La Loba (Fierce Angel) is a Mexican telenovela by TV Azteca. It premiered on 2010. The protagonists are the international stars Ivonne Montero and Mauricio Islas. Grand actors such as Regina Torne, Omar Fierro, Anna Ciocchetti, Fernando Becerril, and Marta Aura also included as cast members.

==Original version==
Patricia Palmer created the original Argentine version, Los Angeles No Lloran. It was produced by Patricia Palmer, Alberto Marchi and Alejandro Moser. The original stars are Orlando Carrio and Patricia Palmer. Theme song in this version is also by Patricia Palmer.

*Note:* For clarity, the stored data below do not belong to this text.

lemma word_eval_dsum:
  assumes "length Ys = length Xs" "set w \<subseteq> {..<length Xs}"
    and "\<forall>X\<in>set Xs. X \<in> carrier_mat n n" "\<forall>Y\<in>set Ys. Y \<in> carrier_mat k k"
  shows "word_eval (n + k) (snd (dsum (n, Xs) (k, Ys))) w
    = four_block_mat (word_eval n Xs w) (0\<^sub>m n k) (0\<^sub>m k n) (word_eval k Ys w)"
  using assms(2)
proof (induction w)
  case Nil
  then show ?case
    by (simp add: word_eval_def)
next
  case (Cons i w)
  have X: "Xs ! i \<in> carrier_mat n n" and Y: "Ys ! i \<in> carrier_mat k k"
    using Cons.prems assms by auto
  have WX: "word_eval n Xs w \<in> carrier_mat n n" and WY: "word_eval k Ys w \<in> carrier_mat k k"
    using Cons.prems assms by (auto intro!: word_eval_carrier)
  have "snd (dsum (n, Xs) (k, Ys)) ! i = four_block_mat (Xs ! i) (0\<^sub>m n k) (0\<^sub>m k n) (Ys ! i)"
    using Cons.prems assms(1) by (simp add: dsum_Pair)
  then show ?case
    using Cons X Y WX WY
    by (simp add: word_eval_Cons mult_four_block_mat[OF X _ _ Y WX _ _ WY])
qed

lemma poly_eval_Pair:
  "poly_eval p (n, Xs) = mat n n (\<lambda>(i, j). \<Sum>w\<in>{w. p w \<noteq> 0}. p w * word_eval n Xs w $$ (i, j))"
  by (simp add: poly_eval_def)

lemma poly_eval_dsum:
  assumes p: "free_poly d p" and M: "(n, Xs) \<in> Md d" and N: "(k, Ys) \<in> Md d"
  shows "poly_eval p (dsum (n, Xs) (k, Ys))
    = four_block_mat (poly_eval p (n, Xs)) (0\<^sub>m n k) (0\<^sub>m k n) (poly_eval p (k, Ys))"
proof -
  let ?W = "{w. p w \<noteq> 0}"
  define Zs where "Zs = snd (dsum (n, Xs) (k, Ys))"
  have dsum: "dsum (n, Xs) (k, Ys) = (n + k, Zs)"
    unfolding Zs_def by (simp add: dsum_Pair)
  have lengths: "length Xs = d" "length Ys = d"
    and carriers: "\<forall>X\<in>set Xs. X \<in> carrier_mat n n" "\<forall>Y\<in>set Ys. Y \<in> carrier_mat k k"
    using M N by (auto simp: Md_def)
  have letters: "set w \<subseteq> {..<d}" if "w \<in> ?W" for w
    using p that by (auto simp: free_poly_def)
  have W: "word_eval (n + k) Zs w
      = four_block_mat (word_eval n Xs w) (0\<^sub>m n k) (0\<^sub>m k n) (word_eval k Ys w)"
    and WX: "word_eval n Xs w \<in> carrier_mat n n" and WY: "word_eval k Ys w \<in> carrier_mat k k"
    if "w \<in> ?W" for w
    using letters[OF that] lengths carriers unfolding Zs_def
    by (auto intro!: word_eval_dsum word_eval_carrier)
  have dims: "dim_row (word_eval n Xs w) = n" "dim_col (word_eval n Xs w) = n"
    "dim_row (word_eval k Ys w) = k" "dim_col (word_eval k Ys w) = k" if "w \<in> ?W" for w
    using WX[OF that] WY[OF that] by auto
  let ?B = "four_block_mat (poly_eval p (n, Xs)) (0\<^sub>m n k) (0\<^sub>m k n) (poly_eval p (k, Ys))"
  show ?thesis
  proof (rule eq_matI)
    fix i j assume "i < dim_row ?B" "j < dim_col ?B"
    then show "poly_eval p (dsum (n, Xs) (k, Ys)) $$ (i, j) = ?B $$ (i, j)"
      by (cases "i < n"; cases "j < n")
        (auto simp: poly_eval_Pair dsum W dims intro!: sum.cong sum.neutral)
  qed (simp_all add: poly_eval_Pair dsum)
qed

lemma polymat_eval_Pair:
  "polymat_eval \<delta> (n, Xs) = mat (dim_row \<delta> * n) (dim_col \<delta> * n)
     (\<lambda>(i, j). poly_eval (\<delta> $$ (i div n, j div n)) (n, Xs) $$ (i mod n, j mod n))"
  by (simp add: polymat_eval_def)

lemma opnorm_polymat_eval_block_le:
  fixes \<delta> :: "fpoly mat"
  assumes m: "0 < m" and ofs: "ofs + m \<le> N"
    and blocks: "\<And>a b i j. a < dim_row \<delta> \<Longrightarrow> b < dim_col \<delta> \<Longrightarrow> i < m \<Longrightarrow> j < m \<Longrightarrow>
      poly_eval (\<delta> $$ (a, b)) (N, Zs) $$ (ofs + i, ofs + j) = poly_eval (\<delta> $$ (a, b)) (m, Ws) $$ (i, j)"
  shows "opnorm (polymat_eval \<delta> (m, Ws)) \<le> opnorm (polymat_eval \<delta> (N, Zs))"
proof -
  \<comment> \<open>row (column) \<open>x\<close> of the size-\<open>m\<close> evaluation is row (column) \<open>e x\<close> of the size-\<open>N\<close> one\<close>
  define e where "e x = x div m * N + (ofs + x mod m)" for x
  have ofs_mod: "ofs + x mod m < N" for x
    using m ofs by (meson add_less_mono1 less_le_trans mod_less_divisor nat_add_left_cancel_less)
  have e_div: "e x div N = x div m" and e_mod: "e x mod N = ofs + x mod m" for x
    unfolding e_def using ofs_mod[of x] by simp_all
  have e_inj: "inj_on e X" for X
    by (rule inj_onI) (metis e_div e_mod add_left_cancel div_mult_mod_eq)
  have e_range: "e ` {..<q * m} \<subseteq> {..<q * N}" for q
  proof (rule image_subsetI)
    fix x assume "x \<in> {..<q * m}"
    then have "Suc (x div m) \<le> q"
      by (simp add: less_mult_imp_div_less Suc_leI)
    then have "x div m * N + N \<le> q * N"
      by (metis mult_Suc mult_le_mono1 add.commute)
    then show "e x \<in> {..<q * N}"
      unfolding e_def using ofs_mod[of x] by simp
  qed
  show ?thesis
  proof (rule opnorm_submatrix_le[where f = e and g = e])
    fix i j
    assume ij: "i < dim_row (polymat_eval \<delta> (m, Ws))" "j < dim_col (polymat_eval \<delta> (m, Ws))"
    then have "i div m < dim_row \<delta>" "j div m < dim_col \<delta>" "e i < dim_row \<delta> * N" "e j < dim_col \<delta> * N"
      using e_range by (auto simp: polymat_eval_Pair less_mult_imp_div_less)
    then show "polymat_eval \<delta> (m, Ws) $$ (i, j) = polymat_eval \<delta> (N, Zs) $$ (e i, e j)"
      using m ij by (simp add: polymat_eval_Pair e_div e_mod blocks)
  qed (use e_range e_inj in \<open>simp_all add: polymat_eval_Pair\<close>)
qed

Patricia Palmer joined the cast as Mina in La Loba.

==Cast==
=== Main ===
- Mauricio Islas as Emiliano Alcázar
- Ivonne Montero as Ángeles Fernández "La Loba"
- Regina Torné as Doña Prudencia Gutiérrez de Alcázar
- Omar Fierro as Ignacio Alcázar
- Gabriela Roel as María Segovia / Lucrecia Aragonés del Águila "La Princesa"
- Anna Ciocchetti as Noelia Torres Velázquez

=== Recurring ===
- Patricia Bernal as Colette Vennua
- Rossana Nájera as Yolanda "Yoli" Contreras
- Mauricio Barcelata as Tito
- Ramiro Huerta as Fabián
- Miguel Ángel Ferriz as Alejandro Alcázar / Antonio Alcázar
- Fernando Becerril as Luis Fernández
- Marta Aura as Teresa Gutiérrez
- Surya MacGregor as Eugenia Torres Velázquez de Alcázar
- Ana Belena as Felicia Yrigoyen Nahman
- Paloma Woolrich as Manuela
- Ana Silvia Garza as Zule
- Sylvia Saenz as María José "Marijo" Alcázar Torres Velázquez
- Luis Miguel Lombana as Salvador Fabiri
- Gabriela Canudas as Claudia Gómez
- Juan Vidal as Alberto Colombo
- Julieta Egurrola as Carmen de la Garza Ruíz "La Güera"
- Javier Díaz Dueñas as Montemayor
- Patricia Palmer as La Mina

==Production==
- Due to success of this telenovela, Azteca Novelas chosen Maricarmen to produce its replacement, Entre el amor y el deseo.
- Mauricio Islas, Regina Torne, Ramiro Huerta and Jorge Luis Vazquez reunite in Cielo rojo, a 2011 telenovela which replaced Entre el amor y el deseo.
- Omar Fierro and Anna Ciocchetti had portrayed villain together in Vuélveme A Querer.
- Ana Belena, Anna Ciocchetti and Gabriela Roel reunite in Huérfanas, a 2011 telenovela.

==Remake==

- La loba was remade as Lara Aishah in Malaysia by Global Station Sdn Bhd, which its last episode premiered 12 January 2017.